HIGH RISK PROSTATE CANCER Clinical Trial
Official title:
Stereotactic Pelvic Brachytherapy With HDR Boost for Dose Escalation in High Tier Intermediate and High Risk Prostate Cancer (SPARE)
HDR brachytherapy in conjunction with pelvic SABR in high tier intermediate and high risk
prostate cancer patients can provide a safe and effective means of radiotherapy dose
escalation.
Utilizing multiparametric MRI to focally boost the dominant intraprostatic lesion during HDR
brachytherapy is safe and feasible.
HDR brachytherapy:
Under general anesthetic, prostate will be implanted transperineally using up to 18
catheters. Three gold seed fudicials will also be implanted transperineally at base, midgland
and apex forSABR treatment. Prostate will be contoured as Clinical Target Volume (CTV) on the
transrectal ultrasound (TRUS) based ONCENTRA planning system. Rectum and urethra will be
contoured as organs at risk. 15Gy will be prescribed to CTV as the MPD (minimal Peripheral
Dose).
Treatment Delivery-SABR There will be a 2 week interval between HDR and SABR component to
allow for normal tissue recovery and radiotherapy planning time. Daily image guidance will be
performed using the implanted fiducials to calculate patient shifts to ensure proper
positioning. Post-treatment images will be taken to estimate intrafraction motion.
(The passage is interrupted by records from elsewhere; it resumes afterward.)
(* Let $\mathcal{C}$ be an $(n,s)$-curve of genus $g$ and let $D$ be a reduced non-special positive divisor of degree $g$ on the affine part of $\mathcal{C}$. Let $I_D\subset\mathbb{C}[x,y]/(f)$ be the ideal of polynomial functions vanishing on $D$ (with multiplicities). Then the images of the $g$ basis monomials $\upsilon_{\mathfrak{w}_1},\dots,\upsilon_{\mathfrak{w}_g}$ form a basis of the vector space $\big(\mathbb{C}[x,y]/(f)\big)/I_D$; that is, every polynomial function on $\mathcal{C}$ is congruent modulo $I_D$ to a unique linear combination of $\upsilon_{\mathfrak{w}_1},\dots,\upsilon_{\mathfrak{w}_g}$.
   Context: An $(n,s)$-curve ($n,s\geqslant2$ coprime) is $f(x,y;\lambda)\equiv -y^n+x^s+\sum_{j=0}^{n-2}\sum_{i=0}^{s-2}\lambda_{ns-in-js}y^jx^i=0$, $\lambda_k\in\mathbb{C}$, $\lambda_k=0$ for $k\leqslant0$, assumed of genus $g=\tfrac12(n-1)(s-1)$, compactified by one point $\infty$. Weights: $\mathrm{wgt}\,x=n$, $\mathrm{wgt}\,y=s$; monomials $\mathfrak{m}_{in+js}=x^iy^j$ ($0\leqslant j<n$) indexed by weight. Gap sequence $\mathfrak{W}=\mathbb{N}_0\setminus\{an+bs\mid a,b\in\mathbb{N}_0\}=\{\mathfrak{w}_1<\dots<\mathfrak{w}_g\}$. Basis monomials: $\upsilon_{\mathfrak{w}_i}=\mathfrak{m}_{2g-1-\mathfrak{w}_i}$, $i=1,\dots,g$; the differentials $\mathrm{d}u_{\mathfrak{w}_i}=\upsilon_{\mathfrak{w}_i}\,\mathrm{d}x/\partial_yf$ form a basis of holomorphic differentials. A positive divisor is reduced if it contains no full fibre $\{(a,b_1),\dots,(a,b_n)\}$ of $x$; a degree $g$ divisor is non-special if no nonzero holomorphic differential vanishes on it. *)

theory Defs
  imports "HOL-Computational_Algebra.Polynomial" "HOL-Library.Multiset"
begin
(* Let $m\ge 1$ and $r\ge 1$ be integers, let $x_1,\dots,x_m\in\mathbb{R}^r$ be known covariate vectors such that the $m\times r$ matrix $X=(x_1,\dots,x_m)^T$ has full column rank $r$, and let $D_1,\dots,D_m>0$ be known constants. Consider the hierarchical model $$y_i=\theta_i+e_i,\qquad \theta_i=x_i^T\beta+(1-\delta_i)v_{1i}+\delta_i v_{2i},\qquad i=1,\dots,m,$$ where, given the parameters $\beta\in\mathbb{R}^r$, $A_1,A_2>0$ and $p\in(0,1)$, the random variables $e_i,\delta_i,v_{1i},v_{2i}$ ($i=1,\dots,m$) are mutually independent with $e_i\sim N(0,D_i)$, $v_{1i}\sim N(0,A_1)$, $v_{2i}\sim N(0,A_2)$, and $\delta_i\in\{0,1\}$ with $P(\delta_i=1\mid p)=1-p$. Place on $(\beta,A_1,A_2,p)$ the (possibly improper) prior $$\pi(\beta,A_1,A_2,p)\propto A_1^{-\alpha_1}A_2^{-\alpha_2}\,I(0<A_1<A_2<\infty),\qquad \beta\in\mathbb{R}^r,\ p\in(0,1),$$ i.e. a uniform prior on $\beta\in\mathbb{R}^r$ and on $p\in(0,1)$, where $\alpha_1<1<\alpha_2$ are constants. If (a) $m>r+2(2-\alpha_1-\alpha_2)$ and (b) $2-\alpha_1-\alpha_2>0$, then for every observed data vector $y=(y_1,\dots,y_m)\in\mathbb{R}^m$ the resulting joint posterior distribution of $(\theta_1,\dots,\theta_m,\delta_1,\dots,\delta_m,\beta,A_1,A_2,p)$ given $y$ is proper (the unnormalized posterior has finite, positive total integral).
   Context: The model is a two-component normal mixture extension of the Fay–Herriot small area model: $y_i$ is a direct survey estimator for small area $i$, $\theta_i$ the small area mean, $D_i$ the known sampling variance. The restriction $A_1<A_2$ in the prior is imposed for identifiability. The condition $\alpha_1<1<\alpha_2$ makes the prior on $(A_1,A_2)$ "partially proper" (conditional prior of $A_2$ given $A_1$ and of $A_1$ given $A_2$ proper). *)

theory Defs
  imports "HOL-Probability.Probability"
begin

text \<open>Rows of X are the covariate vectors x_i; delta i = True means delta_i = 1.
  The v_{1i}, v_{2i} are integrated out: given delta_i, theta_i ~ N(x_i^T beta, A_{delta_i}).\<close>
definition fh_mix_joint ::
  "real^'m \<Rightarrow> real^'r^'m \<Rightarrow> real^'m \<Rightarrow> real \<Rightarrow> real \<Rightarrow>
   real^'m \<Rightarrow> ('m \<Rightarrow> bool) \<Rightarrow> real^'r \<Rightarrow> real \<Rightarrow> real \<Rightarrow> real \<Rightarrow> real" where
  "fh_mix_joint y X D \<alpha>1 \<alpha>2 \<theta> \<delta> \<beta> A1 A2 p =
     (if 0 < A1 \<and> A1 < A2 \<and> 0 < p \<and> p < 1 then
        (\<Prod>i\<in>UNIV. normal_density (\<theta> $ i) (sqrt (D $ i)) (y $ i) *
           (if \<delta> i then (1 - p) * normal_density ((X *v \<beta>) $ i) (sqrt A2) (\<theta> $ i)
            else p * normal_density ((X *v \<beta>) $ i) (sqrt A1) (\<theta> $ i)))
        * A1 powr (-\<alpha>1) * A2 powr (-\<alpha>2)
      else 0)"

definition fh_mix_total ::
  "real^'m \<Rightarrow> real^'r^'m \<Rightarrow> real^'m \<Rightarrow> real \<Rightarrow> real \<Rightarrow> ennreal" where
  "fh_mix_total y X D \<alpha>1 \<alpha>2 =
     (\<Sum>\<delta>\<in>(UNIV :: ('m \<Rightarrow> bool) set).
        \<integral>\<^sup>+ z. ennreal (case z of (\<theta>, \<beta>, A1, A2, p) \<Rightarrow> fh_mix_joint y X D \<alpha>1 \<alpha>2 \<theta> \<delta> \<beta> A1 A2 p)
        \<partial>(lborel \<Otimes>\<^sub>M lborel \<Otimes>\<^sub>M lborel \<Otimes>\<^sub>M lborel \<Otimes>\<^sub>M (lborel :: real measure)))"

end

theory Submission
  imports Defs
begin

text \<open>Fix \<open>\<delta>\<close> and \<open>(A\<^sub>1, A\<^sub>2, p)\<close> and integrate out \<open>\<theta>\<close> and \<open>\<beta>\<close>. Since \<open>X\<close> has full
  column rank, some \<open>r\<close> of its rows form an invertible matrix \<open>Y\<close>. Re-centring \<open>\<theta>\<^sub>i\<close> at
  \<open>x\<^sub>i\<^sup>T\<beta>\<close> on these rows leaves a Gaussian likelihood in \<open>\<beta>\<close> with the fixed variances \<open>D\<^sub>i\<close>,
  whose integral is bounded independently of everything else, while each of the other
  \<open>m - r\<close> rows contributes at most \<open>max A\<^sub>1 d\<^bsup>-1/2\<^esup>\<close>, \<open>d = min D\<^sub>i\<close>. What remains is the
  integral of \<open>A\<^sub>1\<^bsup>-\<alpha>\<^sub>1\<^esup> A\<^sub>2\<^bsup>-\<alpha>\<^sub>2\<^esup> max A\<^sub>1 d\<^bsup>-(m-r)/2\<^esup>\<close> over \<open>0 < A\<^sub>1 < A\<^sub>2\<close>: it converges
  as \<open>A\<^sub>2 \<rightarrow> \<infinity>\<close> because \<open>\<alpha>\<^sub>2 > 1\<close>, as \<open>A\<^sub>1 \<rightarrow> 0\<close> because \<open>\<alpha>\<^sub>1 + \<alpha>\<^sub>2 < 2\<close>, and as
  \<open>A\<^sub>1 \<rightarrow> \<infinity>\<close> by condition (a). Positivity holds because the joint density is positive on
  a set of infinite measure.\<close>

section \<open>Gaussian integrals\<close>

lemma nn_integral_normal_density:
  assumes "0 < \<sigma>"
  shows "(\<integral>\<^sup>+x. ennreal (normal_density \<mu> \<sigma> x) \<partial>lborel) = 1"
proof -
  have "(\<integral>\<^sup>+x. ennreal (normal_density \<mu> \<sigma> x) \<partial>lborel) = ennreal (\<integral>x. normal_density \<mu> \<sigma> x \<partial>lborel)"
    using assms by (intro nn_integral_eq_integral) (auto intro!: integrable_normal_density)
  then show ?thesis using assms by simp
qed

lemma nn_integral_scaled_normal_density:
  assumes "0 < \<sigma>" "0 \<le> c"
  shows "(\<integral>\<^sup>+x. ennreal (c * normal_density \<mu> \<sigma> x) \<partial>lborel) = ennreal c"
  using assms by (simp add: ennreal_mult nn_integral_cmult nn_integral_normal_density)

lemma normal_density_sqrt_le:
  assumes "0 < d"
  shows "normal_density \<mu> (sqrt d) x \<le> 1 / sqrt (2 * pi * d)"
  using assms unfolding normal_density_def by (auto intro!: divide_right_mono)

lemma normal_density_commute: "normal_density \<mu> \<sigma> x = normal_density x \<sigma> \<mu>"
  unfolding normal_density_def by (simp add: power2_commute)

lemma normal_density_sqrt:
  "0 < d \<Longrightarrow> normal_density \<mu> (sqrt d) x = 1 / sqrt (2 * pi * d) * exp (- (x - \<mu>)\<^sup>2 / (2 * d))"
  unfolding normal_density_def by simp

lemma normal_density_add_mean: "normal_density (\<mu> + z) \<sigma> x = normal_density \<mu> \<sigma> (x - z)"
  unfolding normal_density_def by (simp add: algebra_simps)

lemma normal_density_at_shift: "normal_density \<mu> \<sigma> (\<mu> + z) = normal_density 0 \<sigma> z"
  unfolding normal_density_def by (simp add: algebra_simps)

lemma borel_measurable_normal_density_compose [measurable (raw)]:
  assumes "f \<in> borel_measurable M" "g \<in> borel_measurable M" "h \<in> borel_measurable M"
  shows "(\<lambda>x. normal_density (f x) (g x) (h x)) \<in> borel_measurable M"
  using assms unfolding normal_density_def by measurable

lemma nn_integral_lborel_translate:
  fixes c :: "'a::euclidean_space"
  assumes [measurable]: "f \<in> borel_measurable borel"
  shows "(\<integral>\<^sup>+x. f (c + x) \<partial>lborel) = (\<integral>\<^sup>+x. f x \<partial>lborel)"
proof -
  have "(\<integral>\<^sup>+x. f x \<partial>lborel) = (\<integral>\<^sup>+x. f x \<partial>distr lborel borel ((+) c))"
    by (simp add: lborel_distr_plus)
  also have "\<dots> = (\<integral>\<^sup>+x. f (c + x) \<partial>lborel)"
    by (subst nn_integral_distr) auto
  finally show ?thesis by simp
qed

lemma nn_integral_prod_vec_nth:
  fixes f :: "'n::finite \<Rightarrow> real \<Rightarrow> ennreal"
  assumes [measurable]: "\<And>i. f i \<in> borel_measurable borel"
  shows "(\<integral>\<^sup>+(x::real^'n). (\<Prod>i\<in>UNIV. f i (x $ i)) \<partial>lborel) = (\<Prod>i\<in>UNIV. \<integral>\<^sup>+t. f i t \<partial>lborel)"
proof -
  define g where "g b = f (axis_index b)" for b :: "real^'n"
  have index: "axis_index (axis i (1::real)) = i" for i :: 'n
    by (simp add: axis_index_def axis_eq_axis)
  have inj: "inj_on (\<lambda>i::'n. axis i (1::real)) UNIV"
    by (auto simp: inj_on_def axis_eq_axis)
  have Basis: "(Basis :: (real^'n) set) = (\<lambda>i. axis i 1) ` UNIV"
    by (auto simp: Basis_vec_def)
  have "(\<Prod>i\<in>UNIV. f i (x $ i)) = (\<Prod>b\<in>Basis. g b (x \<bullet> b))" for x :: "real^'n"
    unfolding Basis by (subst prod.reindex[OF inj]) (simp add: g_def index cart_eq_inner_axis)
  then have "(\<integral>\<^sup>+(x::real^'n). (\<Prod>i\<in>UNIV. f i (x $ i)) \<partial>lborel)
      = (\<integral>\<^sup>+(x::real^'n). (\<Prod>b\<in>Basis. g b (x \<bullet> b)) \<partial>lborel)"
    by simp
  also have "\<dots> = (\<Prod>b\<in>Basis. \<integral>\<^sup>+t. g b t \<partial>lborel)"
    by (rule nn_integral_lborel_prod) (auto simp: g_def)
  also have "\<dots> = (\<Prod>i\<in>UNIV. \<integral>\<^sup>+t. f i t \<partial>lborel)"
    unfolding Basis by (subst prod.reindex[OF inj]) (simp add: g_def index)
  finally show ?thesis .
qed
lemma sums_mult_real_powser_diffs:
  assumes "summable (\<lambda>k. diffs a k * z ^ k)"
  shows "(\<lambda>k. real k * a k * z ^ k) sums (z * real_powser (diffs a) z)"
proof -
  have "(\<lambda>k. z * (diffs a k * z ^ k)) sums (z * real_powser (diffs a) z)"
    using assms by (intro sums_mult) (simp add: real_powser_def summable_sums)
  then have "(\<lambda>k. real (k + 1) * a (k + 1) * z ^ (k + 1)) sums (z * real_powser (diffs a) z)"
    by (simp add: diffs_def algebra_simps)
  then show ?thesis by (subst (asm) sums_zero_iff_shift) simp_all
qed

lemma sums_mult_real_powser_diffs_diffs:
  assumes "summable (\<lambda>k. diffs (diffs a) k * z ^ k)"
  shows "(\<lambda>k. real k * (real k - 1) * a k * z ^ k) sums (z\<^sup>2 * real_powser (diffs (diffs a)) z)"
proof -
  have "(\<lambda>k. z\<^sup>2 * (diffs (diffs a) k * z ^ k)) sums (z\<^sup>2 * real_powser (diffs (diffs a)) z)"
    using assms by (intro sums_mult) (simp add: real_powser_def summable_sums)
  moreover have "(\<lambda>k. z\<^sup>2 * (diffs (diffs a) k * z ^ k)) =
      (\<lambda>k. real (k + 2) * (real (k + 2) - 1) * a (k + 2) * z ^ (k + 2))"
    by (simp add: diffs_def power_add power2_eq_square algebra_simps)
  ultimately have "(\<lambda>k. real (k + 2) * (real (k + 2) - 1) * a (k + 2) * z ^ (k + 2))
      sums (z\<^sup>2 * real_powser (diffs (diffs a)) z)"
    by simp
  then show ?thesis by (subst (asm) sums_zero_iff_shift) (auto simp: less_2_cases_iff)
qed

lemma diffs_diffs_cos_arcsin_coeff:
  "diffs (diffs (cos_arcsin_coeff c)) k = ((real k + 1)\<^sup>2 - c\<^sup>2) * cos_arcsin_coeff c k"
proof -
  have "diffs (diffs (cos_arcsin_coeff c)) k
      = (real k + 1) * (real k + 2) * cos_arcsin_coeff c (Suc (Suc k))"
    by (simp add: diffs_def algebra_simps del: cos_arcsin_coeff.simps)
  also have "\<dots> = ((real k + 1)\<^sup>2 - c\<^sup>2) * cos_arcsin_coeff c k"
    by (simp only: cos_arcsin_coeff.simps) (simp del: of_nat_Suc)
  finally show ?thesis .
qed

lemma summable_cos_arcsin_coeff:
  "c\<^sup>2 \<le> 1 \<Longrightarrow> \<bar>z\<bar> < 1 \<Longrightarrow> summable (\<lambda>k. cos_arcsin_coeff c k * z ^ k)"
  using cos_arcsin_coeff_bounds by (intro summable_real_powser_bounded[where B = 1]) auto

lemma cos_arcsin_powser_ode:
  fixes c z :: real
  defines "a \<equiv> cos_arcsin_coeff c"
  assumes "c\<^sup>2 \<le> 1" and "\<bar>z\<bar> < 1"
  shows "(1 - z\<^sup>2) * real_powser (diffs (diffs a)) z - 3 * z * real_powser (diffs a) z
           + (c\<^sup>2 - 1) * real_powser a z = 0"
proof -
  have sa: "\<And>w. \<bar>w\<bar> < 1 \<Longrightarrow> summable (\<lambda>k. a k * w ^ k)"
    unfolding a_def using assms(2) by (rule summable_cos_arcsin_coeff)
  have s1: "\<And>w. \<bar>w\<bar> < 1 \<Longrightarrow> summable (\<lambda>k. diffs a k * w ^ k)"
    using sa by (rule summable_real_powser_diffs)
  have s2: "summable (\<lambda>k. diffs (diffs a) k * z ^ k)"
    using s1 assms(3) by (rule summable_real_powser_diffs)
  have "(\<lambda>k. diffs (diffs a) k * z ^ k - real k * (real k - 1) * a k * z ^ k
            - 3 * (real k * a k * z ^ k) + (c\<^sup>2 - 1) * (a k * z ^ k))
        sums (real_powser (diffs (diffs a)) z - z\<^sup>2 * real_powser (diffs (diffs a)) z
              - 3 * (z * real_powser (diffs a) z) + (c\<^sup>2 - 1) * real_powser a z)"
    using s2 s1[OF assms(3)] sa[OF assms(3)]
    by (intro sums_add sums_diff sums_mult sums_mult_real_powser_diffs_diffs sums_mult_real_powser_diffs)
      (simp_all add: real_powser_def summable_sums)
  moreover have "diffs (diffs a) k * z ^ k - real k * (real k - 1) * a k * z ^ k
      - 3 * (real k * a k * z ^ k) + (c\<^sup>2 - 1) * (a k * z ^ k) = 0" for k
    unfolding a_def diffs_diffs_cos_arcsin_coeff by (simp add: power2_eq_square) algebra
  ultimately have "(\<lambda>k. 0) sums (real_powser (diffs (diffs a)) z - z\<^sup>2 * real_powser (diffs (diffs a)) z
      - 3 * (z * real_powser (diffs a) z) + (c\<^sup>2 - 1) * real_powser a z)"
    by simp
  from sums_unique2[OF this sums_zero] show ?thesis
    by (simp add: algebra_simps)
qed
Androgen Deprivation Therapy Twelve to 18 months of luteinizing-hormone releasing hormone
agonists (LHRHa) will be used. Anti-androgen and neoadjuvant LHRHa can be used according to
physician discretion
Follow-Up and Toxicity Assessment Time zero will be the start of radiotherapy. Baseline
rectal and urinary function will be recorded using common toxicity criteria adverse effect
(CTCAE v3.0) and Expanded prostate Cancer Index Composite (EPIC). CTCAE v3.0 and EPIC
assessments will be done at weeks 3, 5 and 12 weeks. Bloodwork (PSA and testosterone),
quality of life (EPIC) and late GI and GU toxicity evaluation (using the RTOG/EORTC Late
Radiation Morbidity Scheme) will be performed every 6 months for the first 5 years.